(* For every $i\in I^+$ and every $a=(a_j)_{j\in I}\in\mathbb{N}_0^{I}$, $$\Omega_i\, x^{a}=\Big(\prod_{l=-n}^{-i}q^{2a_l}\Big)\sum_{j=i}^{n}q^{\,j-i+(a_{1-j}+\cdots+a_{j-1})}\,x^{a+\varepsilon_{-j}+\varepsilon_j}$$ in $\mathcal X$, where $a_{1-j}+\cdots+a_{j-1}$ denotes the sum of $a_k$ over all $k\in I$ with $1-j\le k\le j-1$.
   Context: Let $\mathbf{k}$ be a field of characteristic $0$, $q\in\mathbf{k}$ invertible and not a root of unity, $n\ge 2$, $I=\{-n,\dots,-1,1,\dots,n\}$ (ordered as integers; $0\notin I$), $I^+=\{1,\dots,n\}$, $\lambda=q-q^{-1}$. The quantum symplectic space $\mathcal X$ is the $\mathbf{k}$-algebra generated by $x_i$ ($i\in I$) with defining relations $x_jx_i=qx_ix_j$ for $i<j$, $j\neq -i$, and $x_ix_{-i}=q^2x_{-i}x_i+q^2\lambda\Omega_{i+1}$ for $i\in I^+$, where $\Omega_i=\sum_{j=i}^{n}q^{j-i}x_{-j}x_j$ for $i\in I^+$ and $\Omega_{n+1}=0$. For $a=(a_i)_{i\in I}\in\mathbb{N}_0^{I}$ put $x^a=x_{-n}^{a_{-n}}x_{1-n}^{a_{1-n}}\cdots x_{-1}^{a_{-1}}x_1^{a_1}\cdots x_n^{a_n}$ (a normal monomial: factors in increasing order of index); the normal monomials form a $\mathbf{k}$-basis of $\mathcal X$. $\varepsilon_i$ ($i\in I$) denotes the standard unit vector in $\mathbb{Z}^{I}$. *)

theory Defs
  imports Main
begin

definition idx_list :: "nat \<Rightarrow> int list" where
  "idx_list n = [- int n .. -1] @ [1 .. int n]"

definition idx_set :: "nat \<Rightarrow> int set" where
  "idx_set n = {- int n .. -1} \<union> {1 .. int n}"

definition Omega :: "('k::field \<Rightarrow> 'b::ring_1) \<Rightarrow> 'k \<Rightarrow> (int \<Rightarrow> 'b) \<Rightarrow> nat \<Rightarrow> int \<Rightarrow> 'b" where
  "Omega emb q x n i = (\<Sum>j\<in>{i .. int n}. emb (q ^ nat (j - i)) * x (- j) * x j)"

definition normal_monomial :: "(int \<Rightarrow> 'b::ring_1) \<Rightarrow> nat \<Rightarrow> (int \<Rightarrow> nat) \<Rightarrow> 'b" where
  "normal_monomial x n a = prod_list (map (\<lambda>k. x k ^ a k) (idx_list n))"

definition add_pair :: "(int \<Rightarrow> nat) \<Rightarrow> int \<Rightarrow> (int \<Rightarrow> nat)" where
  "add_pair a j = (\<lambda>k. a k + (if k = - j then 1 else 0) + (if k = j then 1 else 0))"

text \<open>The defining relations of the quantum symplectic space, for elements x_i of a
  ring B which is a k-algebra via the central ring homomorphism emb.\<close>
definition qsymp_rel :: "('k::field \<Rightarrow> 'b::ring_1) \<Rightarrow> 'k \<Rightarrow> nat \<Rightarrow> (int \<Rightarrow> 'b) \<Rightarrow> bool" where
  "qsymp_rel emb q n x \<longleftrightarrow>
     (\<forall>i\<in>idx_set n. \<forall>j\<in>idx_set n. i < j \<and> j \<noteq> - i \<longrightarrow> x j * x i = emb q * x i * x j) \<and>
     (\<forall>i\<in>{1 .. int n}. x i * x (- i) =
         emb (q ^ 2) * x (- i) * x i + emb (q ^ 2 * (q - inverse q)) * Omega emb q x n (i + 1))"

--- --- ---

● **TASK DETAILS**:
Return the complete material exactly as it appears.

● **PROBLEM SOLUTION**:
(* For every $i\in I^+$ and every $a=(a_j)_{j\in I}\in\mathbb{N}_0^{I}$, $$\Omega_i\, x^{a}=\Big(\prod_{l=-n}^{-i}q^{2a_l}\Big)\sum_{j=i}^{n}q^{\,j-i+(a_{1-j}+\cdots+a_{j-1})}\,x^{a+\varepsilon_{-j}+\varepsilon_j}$$ in $\mathcal X$, where $a_{1-j}+\cdots+a_{j-1}$ denotes the sum of $a_k$ over all $k\in I$ with $1-j\le k\le j-1$.
   Context: Let $\mathbf{k}$ be a field of characteristic $0$, $q\in\mathbf{k}$ invertible and not a root of unity, $n\ge 2$, $I=\{-n,\dots,-1,1,\dots,n\}$ (ordered as integers; $0\notin I$), $I^+=\{1,\dots,n\}$, $\lambda=q-q^{-1}$. The quantum symplectic space $\mathcal X$ is the $\mathbf{k}$-algebra generated by $x_i$ ($i\in I$) with defining relations $x_jx_i=qx_ix_j$ for $i<j$, $j\neq -i$, and $x_ix_{-i}=q^2x_{-i}x_i+q^2\lambda\Omega_{i+1}$ for $i\in I^+$, where $\Omega_i=\sum_{j=i}^{n}q^{j-i}x_{-j}x_j$ for $i\in I^+$ and $\Omega_{n+1}=0$. For $a=(a_i)_{i\in I}\in\mathbb{N}_0^{I}$ put $x^a=x_{-n}^{a_{-n}}x_{1-n}^{a_{1-n}}\cdots x_{-1}^{a_{-1}}x_1^{a_1}\cdots x_n^{a_n}$ (a normal monomial: factors in increasing order of index); the normal monomials form a $\mathbf{k}$-basis of $\mathcal X$. $\varepsilon_i$ ($i\in I$) denotes the standard unit vector in $\mathbb{Z}^{I}$. *)

theory Defs
  imports Main
begin

definition idx_list :: "nat \<Rightarrow> int list" where
  "idx_list n = [- int n .. -1] @ [1 .. int n]"

definition idx_set :: "nat \<Rightarrow> int set" where
  "idx_set n = {- int n .. -1} \<union> {1 .. int n}"

definition Omega :: "('k::field \<Rightarrow> 'b::ring_1) \<Rightarrow> 'k \<Rightarrow> (int \<Rightarrow> 'b) \<Rightarrow> nat \<Rightarrow> int \<Rightarrow> 'b" where
  "Omega emb q x n i = (\<Sum>j\<in>{i .. int n}. emb (q ^ nat (j - i)) * x (- j) * x j)"

definition normal_monomial :: "(int \<Rightarrow> 'b::ring_1) \<Rightarrow> nat \<Rightarrow> (int \<Rightarrow> nat) \<Rightarrow> 'b" where
  "normal_monomial x n a = prod_list (map (\<lambda>k. x k ^ a k) (idx_list n))"

definition add_pair :: "(int \<Rightarrow> nat) \<Rightarrow> int \<Rightarrow> (int \<Rightarrow> nat)" where
  "add_pair a j = (\<lambda>k. a k + (if k = - j then 1 else 0) + (if k = j then 1 else 0))"

text \<open>The defining relations of the quantum symplectic space, for elements x_i of a
  ring B which is a k-algebra via the central ring homomorphism emb.\<close>
definition qsymp_rel :: "('k::field \<Rightarrow> 'b::ring_1) \<Rightarrow> 'k \<Rightarrow> nat \<Rightarrow> (int \<Rightarrow> 'b) \<Rightarrow> bool" where
  "qsymp_rel emb q n x \<longleftrightarrow>
     (\<forall>i\<in>idx_set n. \<forall>j\<in>idx_set n. i < j \<and> j \<noteq> - i \<longrightarrow> x j * x i = emb q * x i * x j) \<and>
     (\<forall>i\<in>{1 .. int n}. x i * x (- i) =
         emb (q ^ 2) * x (- i) * x i + emb (q ^ 2 * (q - inverse q)) * Omega emb q x n (i + 1))"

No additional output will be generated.